──────── Given data ────────

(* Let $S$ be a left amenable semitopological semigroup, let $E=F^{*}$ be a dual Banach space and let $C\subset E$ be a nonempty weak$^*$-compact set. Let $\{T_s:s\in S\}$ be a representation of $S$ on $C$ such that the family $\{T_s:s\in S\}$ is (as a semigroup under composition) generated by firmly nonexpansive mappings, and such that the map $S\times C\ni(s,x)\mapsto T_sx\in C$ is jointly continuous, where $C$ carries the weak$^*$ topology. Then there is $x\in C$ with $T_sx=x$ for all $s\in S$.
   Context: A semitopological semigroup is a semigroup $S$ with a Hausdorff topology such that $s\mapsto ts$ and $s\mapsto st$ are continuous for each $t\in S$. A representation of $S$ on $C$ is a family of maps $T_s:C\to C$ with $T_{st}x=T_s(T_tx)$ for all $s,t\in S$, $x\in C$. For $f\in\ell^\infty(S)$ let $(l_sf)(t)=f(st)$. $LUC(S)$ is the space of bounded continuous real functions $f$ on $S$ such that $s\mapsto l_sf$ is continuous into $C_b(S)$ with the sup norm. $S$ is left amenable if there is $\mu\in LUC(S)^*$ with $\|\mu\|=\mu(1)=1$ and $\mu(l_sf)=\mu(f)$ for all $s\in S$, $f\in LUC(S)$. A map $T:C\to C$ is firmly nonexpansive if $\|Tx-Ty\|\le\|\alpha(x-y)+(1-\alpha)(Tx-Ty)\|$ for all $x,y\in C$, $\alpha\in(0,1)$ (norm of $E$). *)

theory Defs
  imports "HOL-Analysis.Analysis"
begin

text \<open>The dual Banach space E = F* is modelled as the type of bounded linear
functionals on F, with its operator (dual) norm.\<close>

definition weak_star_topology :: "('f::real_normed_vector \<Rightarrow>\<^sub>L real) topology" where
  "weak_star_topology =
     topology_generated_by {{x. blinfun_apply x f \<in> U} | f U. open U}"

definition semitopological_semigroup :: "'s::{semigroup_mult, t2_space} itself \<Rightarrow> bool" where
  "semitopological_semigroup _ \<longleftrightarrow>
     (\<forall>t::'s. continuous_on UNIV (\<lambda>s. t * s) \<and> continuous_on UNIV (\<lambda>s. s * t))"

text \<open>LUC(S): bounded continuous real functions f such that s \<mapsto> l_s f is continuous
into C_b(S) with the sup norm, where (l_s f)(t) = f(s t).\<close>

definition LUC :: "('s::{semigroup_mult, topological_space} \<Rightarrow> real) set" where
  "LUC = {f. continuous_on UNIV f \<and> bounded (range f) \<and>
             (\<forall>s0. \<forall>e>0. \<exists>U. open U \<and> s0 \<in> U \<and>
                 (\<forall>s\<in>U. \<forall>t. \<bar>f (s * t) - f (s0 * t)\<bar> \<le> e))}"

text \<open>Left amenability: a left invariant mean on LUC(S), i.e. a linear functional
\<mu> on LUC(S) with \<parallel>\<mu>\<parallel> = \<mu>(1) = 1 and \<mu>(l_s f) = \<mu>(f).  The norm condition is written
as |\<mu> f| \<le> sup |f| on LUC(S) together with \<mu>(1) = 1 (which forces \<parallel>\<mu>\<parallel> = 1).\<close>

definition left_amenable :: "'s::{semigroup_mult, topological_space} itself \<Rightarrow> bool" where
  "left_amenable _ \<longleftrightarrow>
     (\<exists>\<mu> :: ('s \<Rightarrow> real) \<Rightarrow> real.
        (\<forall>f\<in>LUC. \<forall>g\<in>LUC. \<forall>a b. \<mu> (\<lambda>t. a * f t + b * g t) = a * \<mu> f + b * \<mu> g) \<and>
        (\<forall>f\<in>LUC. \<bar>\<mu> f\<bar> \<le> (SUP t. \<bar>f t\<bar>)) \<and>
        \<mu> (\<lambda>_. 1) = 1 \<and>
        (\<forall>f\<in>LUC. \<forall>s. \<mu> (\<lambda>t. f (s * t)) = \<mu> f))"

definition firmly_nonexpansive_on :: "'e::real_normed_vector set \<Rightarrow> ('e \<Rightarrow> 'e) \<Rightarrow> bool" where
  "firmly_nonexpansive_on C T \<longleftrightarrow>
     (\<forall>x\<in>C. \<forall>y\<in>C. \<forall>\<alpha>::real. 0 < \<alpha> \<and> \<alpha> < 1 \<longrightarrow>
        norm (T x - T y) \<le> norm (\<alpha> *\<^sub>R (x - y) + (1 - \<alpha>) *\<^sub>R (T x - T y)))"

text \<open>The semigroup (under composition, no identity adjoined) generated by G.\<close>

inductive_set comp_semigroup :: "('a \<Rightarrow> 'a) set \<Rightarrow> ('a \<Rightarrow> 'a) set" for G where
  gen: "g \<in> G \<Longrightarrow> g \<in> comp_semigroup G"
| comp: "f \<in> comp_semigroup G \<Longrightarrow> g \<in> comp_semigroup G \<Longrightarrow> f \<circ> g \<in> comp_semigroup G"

────────

__Exercise directions__
Transcribe only, please, the lines from the first line of the records through the line with "blinfun_apply x f". Both of those lines are included.

__Answer__
(* Let $S$ be a left amenable semitopological semigroup, let $E=F^{*}$ be a dual Banach space and let $C\subset E$ be a nonempty weak$^*$-compact set. Let $\{T_s:s\in S\}$ be a representation of $S$ on $C$ such that the family $\{T_s:s\in S\}$ is (as a semigroup under composition) generated by firmly nonexpansive mappings, and such that the map $S\times C\ni(s,x)\mapsto T_sx\in C$ is jointly continuous, where $C$ carries the weak$^*$ topology. Then there is $x\in C$ with $T_sx=x$ for all $s\in S$.
   Context: A semitopological semigroup is a semigroup $S$ with a Hausdorff topology such that $s\mapsto ts$ and $s\mapsto st$ are continuous for each $t\in S$. A representation of $S$ on $C$ is a family of maps $T_s:C\to C$ with $T_{st}x=T_s(T_tx)$ for all $s,t\in S$, $x\in C$. For $f\in\ell^\infty(S)$ let $(l_sf)(t)=f(st)$. $LUC(S)$ is the space of bounded continuous real functions $f$ on $S$ such that $s\mapsto l_sf$ is continuous into $C_b(S)$ with the sup norm. $S$ is left amenable if there is $\mu\in LUC(S)^*$ with $\|\mu\|=\mu(1)=1$ and $\mu(l_sf)=\mu(f)$ for all $s\in S$, $f\in LUC(S)$. A map $T:C\to C$ is firmly nonexpansive if $\|Tx-Ty\|\le\|\alpha(x-y)+(1-\alpha)(Tx-Ty)\|$ for all $x,y\in C$, $\alpha\in(0,1)$ (norm of $E$). *)

theory Defs
  imports "HOL-Analysis.Analysis"
begin

text \<open>The dual Banach space E = F* is modelled as the type of bounded linear
functionals on F, with its operator (dual) norm.\<close>

definition weak_star_topology :: "('f::real_normed_vector \<Rightarrow>\<^sub>L real) topology" where
  "weak_star_topology =
     topology_generated_by {{x. blinfun_apply x f \<in> U} | f U. open U}"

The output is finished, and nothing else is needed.